India may soon provide a regulatory framework for its troubled digital assets industry. Ajay Seth, the country’s economic affairs secretary, has revealed that the government will soon finalize a consultation paper for digital currency regulations.
According to a Financial Times of India report, Seth revealed this while speaking at an event organized by the Finance minister. He disclosed that the paper would be one of the most comprehensive consultations India has conducted for digital currency regulation so far.
The paper is a result of consultations made both with key local digital currency industry players and international organizations like the International Monetary Fund (IMF) and the World Bank.
“We have consulted not just the domestic institutional stakeholders but also organizations like the IMF and World Bank. So we hope that we will soon be in a position to finalize our consultation paper,” he said.
He adds that the paper will look beyond just regulating digital currencies in India. It is part of wider plans to establish a global consensus on digital currency regulations.
India’s digital currency regulatory climate leaves a lot of uncertainty
The development is a positive one for the digital assets industry in India as it gives some hope that an outright ban is not likely. The Indian government has already caused uncertainty among local digital assets investors and firms with its indecisive stance on the industry.
Despite a tax regime for digital assets introduced by the Minister for Finance, several officials have talked of banning digital currencies. Finance Minister Nirmala Sirtharaman has stated that India will not rush into regulating digital assets.
Recent remarks by the Reserve Bank of India (RBI) indicated that the country is still highly skeptical of digital currencies. The central bank’s officials stated that digital currencies would ultimately dollarize the country’s economy at their current rate of adoption.

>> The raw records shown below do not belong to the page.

(* Let $\alpha\in(0,1)$ and $T>0$. There is no function $\psi\in C^1((0,T]^2)\cap C([0,T]^2)$ with $\partial_t\psi(\cdot,s)\in L^1(0,T)$ for every $s\in[0,T]$ and $\partial_s\psi(t,\cdot)\in L^1(0,T)$ for every $t\in[0,T]$ such that $$\partial_t^\alpha\psi(\cdot,s)(t)+\partial_s^\alpha\psi(t,\cdot)(s)\ge0\ \text{ for all }(t,s)\in(0,T)^2,\qquad \psi(t,t)=0\ \text{ for all } t\in[0,T],\qquad \psi>0\ \text{ on } [0,T]^2\setminus\{t=s\}.$$
   Context: $\partial_t^\alpha$ denotes Caputo's fractional derivative in the variable $t$: for a function $f$ of one variable, $(\partial_t^\alpha f)(t)=\frac{1}{\Gamma(1-\alpha)}\int_0^t\frac{f'(\tau)}{(t-\tau)^\alpha}d\tau$; $\partial_t^\alpha\psi(\cdot,s)(t)$ is this derivative of $t\mapsto\psi(t,s)$ evaluated at $t$, and analogously for $\partial_s^\alpha\psi(t,\cdot)(s)$. *)

theory Defs
  imports "HOL-Analysis.Analysis"
begin

definition caputo :: "real \<Rightarrow> (real \<Rightarrow> real) \<Rightarrow> real \<Rightarrow> real" where
  "caputo \<alpha> f t = (1 / Gamma (1 - \<alpha>)) * (LBINT \<tau>:{0<..<t}. deriv f \<tau> / (t - \<tau>) powr \<alpha>)"

definition C1_on2 :: "(real \<times> real) set \<Rightarrow> (real \<times> real \<Rightarrow> real) \<Rightarrow> bool" where
  "C1_on2 S f \<longleftrightarrow> (\<exists>Dt Ds. continuous_on S Dt \<and> continuous_on S Ds \<and>
     (\<forall>p\<in>S. (f has_derivative (\<lambda>(h, k). Dt p * h + Ds p * k)) (at p within S)))"

end

theory Submission
  imports Defs
begin

text \<open>Take a point \<open>(c, c)\<close> on the diagonal. The slice \<open>f \<tau> = \<psi> (\<tau>, c)\<close> is positive on
  \<open>[0, c)\<close> and vanishes at \<open>c\<close>, so integrating by parts against the kernel
  \<open>(c - \<tau>) powr (-\<alpha>)\<close> expresses the Caputo integral of \<open>f\<close> at \<open>c\<close> as
  \<open>- f 0 / c powr \<alpha>\<close> minus the integral of \<open>\<alpha> * f \<tau> / (c - \<tau>) powr (\<alpha> + 1) \<ge> 0\<close>,
  which is negative. By symmetry (apply the same to \<open>\<psi> \<circ> prod.swap\<close>) both Caputo derivatives
  of \<open>\<psi>\<close> at \<open>(c, c)\<close> are negative, contradicting the nonnegativity of their sum.\<close>

lemma powr_diff_neg_integrable_on:
  fixes \<alpha> c :: real
  assumes "\<alpha> < 1" "0 \<le> c"
  shows "(\<lambda>\<tau>. (c - \<tau>) powr (-\<alpha>)) integrable_on {0..c}"
proof -
  define G where "G \<tau> = - ((c - \<tau>) powr (1 - \<alpha>)) / (1 - \<alpha>)" for \<tau>
  have "((\<lambda>\<tau>. (c - \<tau>) powr (-\<alpha>)) has_integral G c - G 0) {0..c}"
  proof (rule fundamental_theorem_of_calculus_interior)
    show "continuous_on {0..c} G" unfolding G_def using assms
      by (intro continuous_intros continuous_on_powr') auto
    fix x assume x: "x \<in> {0<..<c}"
    have "((\<lambda>\<tau>. (c - \<tau>) powr (1 - \<alpha>)) has_real_derivative
        (1 - \<alpha>) * (c - x) powr (1 - \<alpha> - 1) * (0 - 1)) (at x)"
      using x by (intro DERIV_chain2[OF has_real_derivative_powr] derivative_intros) auto
    then have "(G has_real_derivative (c - x) powr (-\<alpha>)) (at x)"
      unfolding G_def using assms x by (auto intro!: derivative_eq_intros)
    then show "(G has_vector_derivative (c - x) powr (-\<alpha>)) (at x)"
      by (simp add: has_real_derivative_iff_has_vector_derivative)
  qed (use assms in simp)
  then show ?thesis by blast
qed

Meanwhile, the government has also strongly backed plans to issue a CBDC. In its annual report, the RBI listed the introduction of a CBDC as one of its major initiatives for the 2022-23 fiscal year.
For its part, the IMF, one of the international bodies that India is consulting for the paper, has encouraged digital currency regulations to continue to be rolled out. Head of the IMF, Kristalina Georgieva, stated that despite the risks posed by stablecoins, digital currencies still hold a lot of potentials.